▶ _Assigned task_
The records that follow must be transcribed in full, without any change.

▶ _Record extracts_
>>>
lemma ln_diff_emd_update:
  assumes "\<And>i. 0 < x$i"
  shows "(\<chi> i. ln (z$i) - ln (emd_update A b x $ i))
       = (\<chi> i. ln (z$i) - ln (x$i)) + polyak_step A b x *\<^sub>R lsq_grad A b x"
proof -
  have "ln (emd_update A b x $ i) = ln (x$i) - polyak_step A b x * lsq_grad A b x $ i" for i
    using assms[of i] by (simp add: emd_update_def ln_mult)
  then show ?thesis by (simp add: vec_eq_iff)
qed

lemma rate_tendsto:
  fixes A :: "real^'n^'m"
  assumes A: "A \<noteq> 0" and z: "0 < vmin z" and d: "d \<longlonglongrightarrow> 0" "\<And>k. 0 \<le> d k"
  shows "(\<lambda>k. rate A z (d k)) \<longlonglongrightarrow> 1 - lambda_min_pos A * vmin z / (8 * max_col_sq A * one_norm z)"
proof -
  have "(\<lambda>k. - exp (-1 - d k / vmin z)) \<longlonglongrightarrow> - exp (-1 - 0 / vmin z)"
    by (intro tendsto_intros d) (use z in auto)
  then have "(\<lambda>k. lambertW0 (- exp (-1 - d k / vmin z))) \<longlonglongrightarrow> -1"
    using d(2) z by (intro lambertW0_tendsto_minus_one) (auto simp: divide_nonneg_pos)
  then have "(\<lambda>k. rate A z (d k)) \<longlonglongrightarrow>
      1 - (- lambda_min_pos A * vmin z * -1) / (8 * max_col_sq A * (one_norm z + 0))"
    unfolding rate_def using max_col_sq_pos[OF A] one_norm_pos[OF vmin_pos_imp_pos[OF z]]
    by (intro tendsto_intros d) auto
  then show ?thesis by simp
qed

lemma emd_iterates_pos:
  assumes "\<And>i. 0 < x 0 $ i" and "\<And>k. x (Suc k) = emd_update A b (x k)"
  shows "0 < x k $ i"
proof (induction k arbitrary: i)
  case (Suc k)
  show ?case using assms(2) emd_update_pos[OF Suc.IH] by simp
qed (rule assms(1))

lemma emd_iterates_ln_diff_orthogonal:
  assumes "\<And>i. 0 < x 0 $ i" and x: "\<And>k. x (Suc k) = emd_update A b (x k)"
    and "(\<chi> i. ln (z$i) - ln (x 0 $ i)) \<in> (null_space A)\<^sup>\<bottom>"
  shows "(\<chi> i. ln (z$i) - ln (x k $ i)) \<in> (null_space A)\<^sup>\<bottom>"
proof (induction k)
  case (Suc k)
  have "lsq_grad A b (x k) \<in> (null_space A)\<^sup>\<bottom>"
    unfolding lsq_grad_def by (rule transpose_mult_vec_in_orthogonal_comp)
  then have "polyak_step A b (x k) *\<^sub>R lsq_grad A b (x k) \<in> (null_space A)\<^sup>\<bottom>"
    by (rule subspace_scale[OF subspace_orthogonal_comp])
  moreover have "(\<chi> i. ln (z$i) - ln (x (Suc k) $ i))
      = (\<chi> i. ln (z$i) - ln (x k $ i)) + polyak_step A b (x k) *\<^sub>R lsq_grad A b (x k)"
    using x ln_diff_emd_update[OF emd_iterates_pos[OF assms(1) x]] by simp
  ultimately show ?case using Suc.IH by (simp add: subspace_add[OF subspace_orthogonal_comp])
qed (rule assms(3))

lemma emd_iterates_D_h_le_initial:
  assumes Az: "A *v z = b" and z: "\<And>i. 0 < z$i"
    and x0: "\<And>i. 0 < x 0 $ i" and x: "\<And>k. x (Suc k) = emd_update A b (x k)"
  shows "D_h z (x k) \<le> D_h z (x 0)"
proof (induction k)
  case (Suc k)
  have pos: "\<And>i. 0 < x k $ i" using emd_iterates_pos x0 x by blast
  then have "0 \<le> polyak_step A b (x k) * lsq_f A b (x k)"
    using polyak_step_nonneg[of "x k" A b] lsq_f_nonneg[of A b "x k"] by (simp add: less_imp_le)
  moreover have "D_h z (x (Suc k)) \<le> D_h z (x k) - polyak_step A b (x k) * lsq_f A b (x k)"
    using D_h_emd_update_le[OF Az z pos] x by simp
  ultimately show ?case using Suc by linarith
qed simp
<<<
▶ _Exercise solution_
lemma ln_diff_emd_update:
  assumes "\<And>i. 0 < x$i"
  shows "(\<chi> i. ln (z$i) - ln (emd_update A b x $ i))
       = (\<chi> i. ln (z$i) - ln (x$i)) + polyak_step A b x *\<^sub>R lsq_grad A b x"
proof -
  have "ln (emd_update A b x $ i) = ln (x$i) - polyak_step A b x * lsq_grad A b x $ i" for i
    using assms[of i] by (simp add: emd_update_def ln_mult)
  then show ?thesis by (simp add: vec_eq_iff)
qed

lemma rate_tendsto:
  fixes A :: "real^'n^'m"
  assumes A: "A \<noteq> 0" and z: "0 < vmin z" and d: "d \<longlonglongrightarrow> 0" "\<And>k. 0 \<le> d k"
  shows "(\<lambda>k. rate A z (d k)) \<longlonglongrightarrow> 1 - lambda_min_pos A * vmin z / (8 * max_col_sq A * one_norm z)"
proof -
  have "(\<lambda>k. - exp (-1 - d k / vmin z)) \<longlonglongrightarrow> - exp (-1 - 0 / vmin z)"
    by (intro tendsto_intros d) (use z in auto)
  then have "(\<lambda>k. lambertW0 (- exp (-1 - d k / vmin z))) \<longlonglongrightarrow> -1"
    using d(2) z by (intro lambertW0_tendsto_minus_one) (auto simp: divide_nonneg_pos)
  then have "(\<lambda>k. rate A z (d k)) \<longlonglongrightarrow>
      1 - (- lambda_min_pos A * vmin z * -1) / (8 * max_col_sq A * (one_norm z + 0))"
    unfolding rate_def using max_col_sq_pos[OF A] one_norm_pos[OF vmin_pos_imp_pos[OF z]]
    by (intro tendsto_intros d) auto
  then show ?thesis by simp
qed

lemma emd_iterates_pos:
  assumes "\<And>i. 0 < x 0 $ i" and "\<And>k. x (Suc k) = emd_update A b (x k)"
  shows "0 < x k $ i"
proof (induction k arbitrary: i)
  case (Suc k)
  show ?case using assms(2) emd_update_pos[OF Suc.IH] by simp
qed (rule assms(1))

lemma emd_iterates_ln_diff_orthogonal:
  assumes "\<And>i. 0 < x 0 $ i" and x: "\<And>k. x (Suc k) = emd_update A b (x k)"
    and "(\<chi> i. ln (z$i) - ln (x 0 $ i)) \<in> (null_space A)\<^sup>\<bottom>"
  shows "(\<chi> i. ln (z$i) - ln (x k $ i)) \<in> (null_space A)\<^sup>\<bottom>"
proof (induction k)
  case (Suc k)
  have "lsq_grad A b (x k) \<in> (null_space A)\<^sup>\<bottom>"
    unfolding lsq_grad_def by (rule transpose_mult_vec_in_orthogonal_comp)
  then have "polyak_step A b (x k) *\<^sub>R lsq_grad A b (x k) \<in> (null_space A)\<^sup>\<bottom>"
    by (rule subspace_scale[OF subspace_orthogonal_comp])
  moreover have "(\<chi> i. ln (z$i) - ln (x (Suc k) $ i))
      = (\<chi> i. ln (z$i) - ln (x k $ i)) + polyak_step A b (x k) *\<^sub>R lsq_grad A b (x k)"
    using x ln_diff_emd_update[OF emd_iterates_pos[OF assms(1) x]] by simp
  ultimately show ?case using Suc.IH by (simp add: subspace_add[OF subspace_orthogonal_comp])
qed (rule assms(3))

lemma emd_iterates_D_h_le_initial:
  assumes Az: "A *v z = b" and z: "\<And>i. 0 < z$i"
    and x0: "\<And>i. 0 < x 0 $ i" and x: "\<And>k. x (Suc k) = emd_update A b (x k)"
  shows "D_h z (x k) \<le> D_h z (x 0)"
proof (induction k)
  case (Suc k)
  have pos: "\<And>i. 0 < x k $ i" using emd_iterates_pos x0 x by blast
  then have "0 \<le> polyak_step A b (x k) * lsq_f A b (x k)"
    using polyak_step_nonneg[of "x k" A b] lsq_f_nonneg[of A b "x k"] by (simp add: less_imp_le)
  moreover have "D_h z (x (Suc k)) \<le> D_h z (x k) - polyak_step A b (x k) * lsq_f A b (x k)"
    using D_h_emd_update_le[OF Az z pos] x by simp
  ultimately show ?case using Suc by linarith
qed simp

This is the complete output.